## Task
Every line below that carries the word "graph" needs to be copied.

Collected data entries
lemma norm_le_if_bounded_approximants:
  assumes M: "M \<ge> 0"
    and approx: "\<And>u \<epsilon>. u \<in> V \<Longrightarrow> \<epsilon> > 0 \<Longrightarrow>
      \<exists>s\<in>V. norm (\<Phi> s) \<le> M * norm u \<and> norm (s - u) < \<epsilon>"
    and graph: "\<And>v x w. (\<And>k. v k \<in> V) \<Longrightarrow> v \<longlonglongrightarrow> x \<Longrightarrow> (\<lambda>k. \<Phi> (v k)) \<longlonglongrightarrow> w \<Longrightarrow>
      \<Phi> x = w"
    and v: "v \<in> V"
  shows "norm (\<Phi> v) \<le> 2 * M * norm v"
proof (cases "v = 0")
  case True
  then show ?thesis by (simp add: zero)
next
  case False
  obtain f where f: "\<And>u \<epsilon>. u \<in> V \<Longrightarrow> \<epsilon> > 0 \<Longrightarrow>
      f u \<epsilon> \<in> V \<and> norm (\<Phi> (f u \<epsilon>)) \<le> M * norm u \<and> norm (f u \<epsilon> - u) < \<epsilon>"
    using approx by metis
  \<comment> \<open>successive approximation: \<open>s j\<close> approximates the residual \<open>u j\<close> up to \<open>\<parallel>v\<parallel>/2^(j+1)\<close>\<close>
  define u where "u = rec_nat v (\<lambda>j w. w - f w (norm v / 2 ^ Suc j))"
  define s where "s j = f (u j) (norm v / 2 ^ Suc j)" for j
  have u_0: "u 0 = v" and u_Suc: "u (Suc j) = u j - s j" for j
    by (simp_all add: u_def s_def)
  have uV: "u j \<in> V" and sV: "s j \<in> V" for j
  proof -
    show "u j \<in> V"
      by (induction j) (use v f False subspace_diff[OF subspace] in \<open>simp_all add: u_0 u_Suc s_def\<close>)
    then show "s j \<in> V" using f False by (simp add: s_def)
  qed
  have u_bound: "norm (u j) \<le> norm v * (1/2) ^ j" for j
  proof (cases j)
    case (Suc i)
    have "norm (u j) = norm (s i - u i)" by (simp add: Suc u_Suc norm_minus_commute)
    also have "\<dots> < norm v / 2 ^ Suc i" using f[OF uV] False by (simp add: s_def)
    finally show ?thesis by (simp add: Suc power_one_over)
  qed (simp add: u_0)
  have Phi_s_bound: "norm (\<Phi> (s j)) \<le> M * norm v * (1/2) ^ j" for j
    using f[OF uV[of j], of "norm v / 2 ^ Suc j"] False u_bound[of j] M
    by (simp add: s_def) (metis mult.assoc mult_left_mono order_trans)
  have geometric: "summable (\<lambda>j. M * norm v * (1/2::real) ^ j)"
    by (simp add: summable_geometric)
  have norms_summable: "summable (\<lambda>j. norm (\<Phi> (s j)))"
    using Phi_s_bound by (intro summable_comparison_test[OF _ geometric]) auto
  have partial_sums: "(\<Sum>j<n. s j) = v - u n" for n
    by (induction n) (simp_all add: u_0 u_Suc)
  have "u \<longlonglongrightarrow> 0"
    by (rule Lim_null_comparison[OF always_eventually[OF allI[OF u_bound]]])
      (intro tendsto_mult_right_zero LIMSEQ_realpow_zero; simp)
  then have "(\<lambda>n. \<Sum>j<n. s j) \<longlonglongrightarrow> v"
    unfolding partial_sums using tendsto_diff[of "\<lambda>_. v" v sequentially] by fastforce
  moreover have "(\<lambda>n. \<Phi> (\<Sum>j<n. s j)) \<longlonglongrightarrow> (\<Sum>j. \<Phi> (s j))"
    unfolding sum[OF sV] by (rule summable_LIMSEQ[OF summable_norm_cancel[OF norms_summable]])
  ultimately have "\<Phi> v = (\<Sum>j. \<Phi> (s j))"
    using graph subspace_sum[OF subspace] sV by metis
  also have "norm \<dots> \<le> (\<Sum>j. norm (\<Phi> (s j)))" by (rule summable_norm[OF norms_summable])
  also have "\<dots> \<le> (\<Sum>j. M * norm v * (1/2) ^ j)"
    by (rule suminf_le[OF Phi_s_bound norms_summable geometric])
  also have "\<dots> = 2 * M * norm v"
    by (simp add: suminf_mult suminf_geometric summable_geometric)
  finally show ?thesis .
qed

## Solution to this task
    and graph: "\<And>v x w. (\<And>k. v k \<in> V) \<Longrightarrow> v \<longlonglongrightarrow> x \<Longrightarrow> (\<lambda>k. \<Phi> (v k)) \<longlonglongrightarrow> w \<Longrightarrow>
    using graph subspace_sum[OF subspace] sV by metis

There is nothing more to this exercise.